Per-block limit — max X purchases per block, or max amount per block:

uint256 public maxContributionPerBlock;
mapping(uint256 => uint256) public blockContributions;

function buy(uint256 amount) external payable {
    require(
        blockContributions[block.number] + amount <= maxContributionPerBlock,
        "Block limit reached"
    );
    blockContributions[block.number] += amount;
    // ...
}

KYC Integration

For regulated markets—KYC provider integration. Frontend KYC (Sumsub, Onfido, Synaps) issues signed JWT. Backend verifies JWT and adds address to whitelist via transaction.

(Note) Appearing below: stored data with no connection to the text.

lemma dual_norm_sq_le_sharp_value:
  assumes N: "norm_on (blk m n) N" and s: "s \<in> blk m n"
    and opt: "\<forall>Z\<in>blk m n. blk_inner m n G Z - (N Z)\<^sup>2 / 2 \<le> blk_inner m n G s - (N s)\<^sup>2 / 2"
  shows "(dual_norm m n N G)\<^sup>2 \<le> 2 * (blk_inner m n G s - (N s)\<^sup>2 / 2)"
proof -
  define C where "C = blk_inner m n G s - (N s)\<^sup>2 / 2"
  define A where "A = {blk_inner m n G Z | Z. Z \<in> blk m n \<and> N Z \<le> 1}"
  have N0: "N (\<lambda>r c. 0) = 0"
    using N blk_zero unfolding norm_on_def by blast
  then have "0 \<le> C"
    using opt blk_zero by (force simp: C_def blk_inner_zero)
  have "0 \<in> A"
    unfolding A_def using N0 blk_zero blk_inner_zero by force
  have A_le: "a \<le> sqrt (2 * C)" if "a \<in> A" for a
  proof (cases "a \<le> 0")
    case True
    then show ?thesis using \<open>0 \<le> C\<close> by (meson order.trans real_sqrt_ge_zero zero_le_mult_iff zero_le_numeral)
  next
    case False
    from that obtain Z where Z: "a = blk_inner m n G Z" "Z \<in> blk m n" "N Z \<le> 1"
      unfolding A_def by blast
    have "N (\<lambda>r c. a * Z r c) = a * N Z" "0 \<le> N Z"
      using N Z(2) False unfolding norm_on_def by auto
    moreover have "blk_inner m n G (\<lambda>r c. a * Z r c) - (N (\<lambda>r c. a * Z r c))\<^sup>2 / 2 \<le> C"
      using opt blk_scale[OF Z(2)] unfolding C_def by blast
    ultimately have "a * a - (a * N Z)\<^sup>2 / 2 \<le> C"
      using Z(1) by (simp add: blk_inner_scale)
    moreover have "(a * N Z)\<^sup>2 \<le> a\<^sup>2"
      using \<open>0 \<le> N Z\<close> Z(3) False by (simp add: power_mult_distrib power_le_one mult_left_le)
    ultimately have "a\<^sup>2 \<le> 2 * C" by (simp add: power2_eq_square)
    then show ?thesis by (rule real_le_rsqrt)
  qed
  have "0 \<le> Sup A" "Sup A \<le> sqrt (2 * C)"
    using \<open>0 \<in> A\<close> A_le by (auto intro!: cSup_upper cSup_least bdd_aboveI)
  then have "(Sup A)\<^sup>2 \<le> 2 * C"
    using \<open>0 \<le> C\<close> by (metis power_mono real_sqrt_pow2 zero_le_mult_iff zero_le_numeral)
  then show ?thesis
    by (simp add: dual_norm_def A_def C_def)
qed

text \<open>For \<open>L = 0\<close> both sides vanish, because \<open>1 / 0 = 0\<close>: a block whose constant is zero is
  simply not moved.\<close>
lemma sharp_step_decrease:
  assumes N: "norm_on (blk m n) N" and s: "s \<in> blk m n"
    and opt: "\<forall>Z\<in>blk m n. blk_inner m n G Z - (N Z)\<^sup>2 / 2 \<le> blk_inner m n G s - (N s)\<^sup>2 / 2"
    and L: "0 \<le> L"
  shows "blk_inner m n G (\<lambda>r c. - (1 / L) * s r c) + L / 2 * (N (\<lambda>r c. - (1 / L) * s r c))\<^sup>2
       \<le> - (1 / (2 * L) * (dual_norm m n N G)\<^sup>2)"
proof -
  have "N (\<lambda>r c. - (1 / L) * s r c) = \<bar>- (1 / L)\<bar> * N s"
    using N s unfolding norm_on_def by blast
  then have N_step: "N (\<lambda>r c. - (1 / L) * s r c) = 1 / L * N s"
    using L by simp
  have "blk_inner m n G (\<lambda>r c. - (1 / L) * s r c) + L / 2 * (N (\<lambda>r c. - (1 / L) * s r c))\<^sup>2
      = - (1 / L * (blk_inner m n G s - (N s)\<^sup>2 / 2))"
    unfolding blk_inner_scale N_step by (cases "L = 0") (simp_all add: power2_eq_square field_simps)
  also have "\<dots> \<le> - (1 / L * ((dual_norm m n N G)\<^sup>2 / 2))"
  proof -
    have "(dual_norm m n N G)\<^sup>2 / 2 \<le> blk_inner m n G s - (N s)\<^sup>2 / 2"
      using dual_norm_sq_le_sharp_value[OF N s opt] by simp
    then have "1 / L * ((dual_norm m n N G)\<^sup>2 / 2) \<le> 1 / L * (blk_inner m n G s - (N s)\<^sup>2 / 2)"
      using L by (intro mult_left_mono) simp_all
    then show ?thesis
      by linarith
  qed
  finally show ?thesis by simp
qed

definition rcd_weight :: "(nat \<Rightarrow> nat set \<Rightarrow> real) \<Rightarrow> nat \<Rightarrow> nat set \<Rightarrow> real" where
  "rcd_weight L0 i S = (if i \<in> S then 1 / (2 * L0 i S) else 0)"

lemma rcd_iter_cong:
  "(\<And>j. j < k \<Longrightarrow> Ss j = Ss' j) \<Longrightarrow> rcd_iter g sh L X0 Ss k = rcd_iter g sh L X0 Ss' k"
  by (induction k) simp_all

locale rcd_assumptions =
  fixes b :: nat and m n :: "nat \<Rightarrow> nat" and N :: "nat \<Rightarrow> blockmat \<Rightarrow> real"
    and f :: "point \<Rightarrow> real" and grad :: "point \<Rightarrow> point"
    and D :: "nat set pmf" and L0 :: "nat \<Rightarrow> nat set \<Rightarrow> real"
    and sharp :: "nat \<Rightarrow> blockmat \<Rightarrow> blockmat"
  assumes norms: "\<forall>i\<in>{1..b}. norm_on (blk (m i) (n i)) (N i)"
    and grad_in: "\<forall>X\<in>Xspace b m n. grad X \<in> Xspace b m n"
    and D_sub: "\<forall>S\<in>set_pmf D. S \<subseteq> {1..b}"
    and L0_nonneg: "\<forall>S\<in>set_pmf D. \<forall>i\<in>{1..b}. 0 \<le> L0 i S"
    and smooth: "\<forall>S\<in>set_pmf D. \<forall>X\<in>Xspace b m n. \<forall>\<Gamma>\<in>Xspace b m n.
        (\<forall>i\<in>{1..b}. i \<notin> S \<longrightarrow> \<Gamma> i = (\<lambda>r c. 0)) \<longrightarrow>
        f (X_add X \<Gamma>) - f X - X_inner b m n (grad X) \<Gamma>
          \<le> (\<Sum>i\<in>S. L0 i S / 2 * (N i (\<Gamma> i))\<^sup>2)"
    and sharp: "\<forall>i\<in>{1..b}. \<forall>G\<in>blk (m i) (n i).
        sharp i G \<in> blk (m i) (n i) \<and>
        (\<forall>Z\<in>blk (m i) (n i). blk_inner (m i) (n i) G Z - (N i Z)\<^sup>2 / 2
           \<le> blk_inner (m i) (n i) G (sharp i G) - (N i (sharp i G))\<^sup>2 / 2)"
begin

abbreviation samples :: "nat \<Rightarrow> (nat \<Rightarrow> nat set) pmf" where
  "samples k \<equiv> Pi_pmf {..<k} {} (\<lambda>_. D)"

abbreviation iter :: "point \<Rightarrow> (nat \<Rightarrow> nat set) \<Rightarrow> nat \<Rightarrow> point" where
  "iter \<equiv> rcd_iter grad sharp L0"

lemma finite_set_pmf_D: "finite (set_pmf D)"
proof (rule finite_subset)
  show "set_pmf D \<subseteq> Pow {1..b}"
    using D_sub by blast
qed simp

lemma finite_set_pmf_samples: "finite (set_pmf (samples k))"
  by (simp add: finite_set_Pi_pmf finite_set_pmf_D)

lemma grad_block_in_blk: "X \<in> Xspace b m n \<Longrightarrow> i \<in> {1..b} \<Longrightarrow> grad X i \<in> blk (m i) (n i)"
  using grad_in unfolding Xspace_def by blast

lemma rcd_step_in_Xspace:
  assumes X: "X \<in> Xspace b m n" and S: "S \<in> set_pmf D"
  shows "rcd_step grad sharp L0 S X \<in> Xspace b m n"
proof -
  have "sharp i (grad X i) \<in> blk (m i) (n i)" if "i \<in> {1..b}" for i
    using sharp grad_block_in_blk[OF X that] that by blast
  moreover have "S \<subseteq> {1..b}"
    using D_sub S by blast
  ultimately show ?thesis
    using X by (auto simp: Xspace_def blk_def rcd_step_def)
qed

lemma iter_in_Xspace:
  assumes "X0 \<in> Xspace b m n" "Ss \<in> set_pmf (samples k)"
  shows "iter X0 Ss k \<in> Xspace b m n"
proof -
  have "\<forall>j<k. Ss j \<in> set_pmf D"
    using assms(2) by (auto intro: set_Pi_pmf_component)
  then show ?thesis
    using assms(1) by (induction k) (simp_all add: rcd_step_in_Xspace)
qed

lemma rcd_step_descent:
  assumes X: "X \<in> Xspace b m n" and S: "S \<in> set_pmf D"
  shows "f (rcd_step grad sharp L0 S X)
       \<le> f X - (\<Sum>i\<in>{1..b}. rcd_weight L0 i S * (dual_norm (m i) (n i) (N i) (grad X i))\<^sup>2)"
proof -
  define s where "s i = sharp i (grad X i)" for i
  define \<Gamma> where "\<Gamma> i = (if i \<in> S then (\<lambda>r c. - (1 / L0 i S) * s i r c) else (\<lambda>r c. 0))" for i
  have S_sub: "S \<subseteq> {1..b}"
    using D_sub S by blast
  have s: "s i \<in> blk (m i) (n i)" if "i \<in> {1..b}" for i
    using sharp grad_block_in_blk[OF X that] that unfolding s_def by blast
  have "\<Gamma> \<in> Xspace b m n"
    using S_sub s by (auto simp: Xspace_def \<Gamma>_def blk_def)
  moreover have "X_add X \<Gamma> = rcd_step grad sharp L0 S X"
    by (auto simp: X_add_def rcd_step_def \<Gamma>_def s_def)
  ultimately have "f (rcd_step grad sharp L0 S X)
      \<le> f X + X_inner b m n (grad X) \<Gamma> + (\<Sum>i\<in>S. L0 i S / 2 * (N i (\<Gamma> i))\<^sup>2)"
    using smooth S X by (force simp: \<Gamma>_def)
  also have "\<dots> = f X + (\<Sum>i\<in>{1..b}. blk_inner (m i) (n i) (grad X i) (\<Gamma> i)
      + (if i \<in> S then L0 i S / 2 * (N i (\<Gamma> i))\<^sup>2 else 0))"
    using S_sub by (simp add: X_inner_def sum.distrib sum.inter_restrict[symmetric] Int_absorb1)
  also have "\<dots> \<le> f X + (\<Sum>i\<in>{1..b}. - (rcd_weight L0 i S * (dual_norm (m i) (n i) (N i) (grad X i))\<^sup>2))"
  proof (intro add_left_mono sum_mono)
    fix i assume i: "i \<in> {1..b}"
    show "blk_inner (m i) (n i) (grad X i) (\<Gamma> i) + (if i \<in> S then L0 i S / 2 * (N i (\<Gamma> i))\<^sup>2 else 0)
        \<le> - (rcd_weight L0 i S * (dual_norm (m i) (n i) (N i) (grad X i))\<^sup>2)"
      using sharp_step_decrease[OF bspec[OF norms i] s[OF i], of "grad X i" "L0 i S"]
        sharp grad_block_in_blk[OF X i] L0_nonneg S i
      by (auto simp: \<Gamma>_def s_def rcd_weight_def blk_inner_zero)
  qed
  finally show ?thesis
    by (simp add: sum_negf)
qed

More on-chain variant—Verifiable Credentials: KYC provider issues VC, user provides ZK-proof of valid VC without revealing personal data. Implementations: Polygon ID, Worldcoin (with privacy caveats).

Admin Panel and Listing

Launchpad is not just smart contracts. Complete product includes:

For projects (listing):

  • Application form with contract verification
  • Admin workflow for approval/rejection
  • Sale parameter setup: price, hard cap, soft cap, dates, whitelist, vesting
  • CSV whitelist → merkle tree generation

For participants:

  • Dashboard with active and past sales
  • KYC onboarding
  • Whitelist registration with wallet
  • Claim interface with vesting schedule

For administrators:

  • Real-time sale progress monitoring
  • Emergency pause
  • Whitelist management (add/remove)
  • Fund withdrawal after finalization

Platform Economics

Launchpad typically monetized through:

  • Percentage of raise — 3–8% of raised funds
  • Token allocation — X% of selling project tokens
  • Platform token — staking for allocation access (ecosystem lock-in)

Development Phases

Phase Content Duration
Design Sale mechanics, vesting schemes, tier structure, tokenomics 2–3 weeks
Core contracts Sale, Vesting, Staking, Whitelist 4–5 weeks
Testing Unit, integration, fork tests, fuzz 2–3 weeks
Backend API, merkle tree generation, KYC integration 3–4 weeks
Frontend Participant dashboard, admin panel 4–5 weeks
Audit Contracts + backend 3–4 weeks
Testnet pilot One test IDO 2–3 weeks

Total: 20–27 weeks. Audit critical—launchpads hold participant money and are attack targets.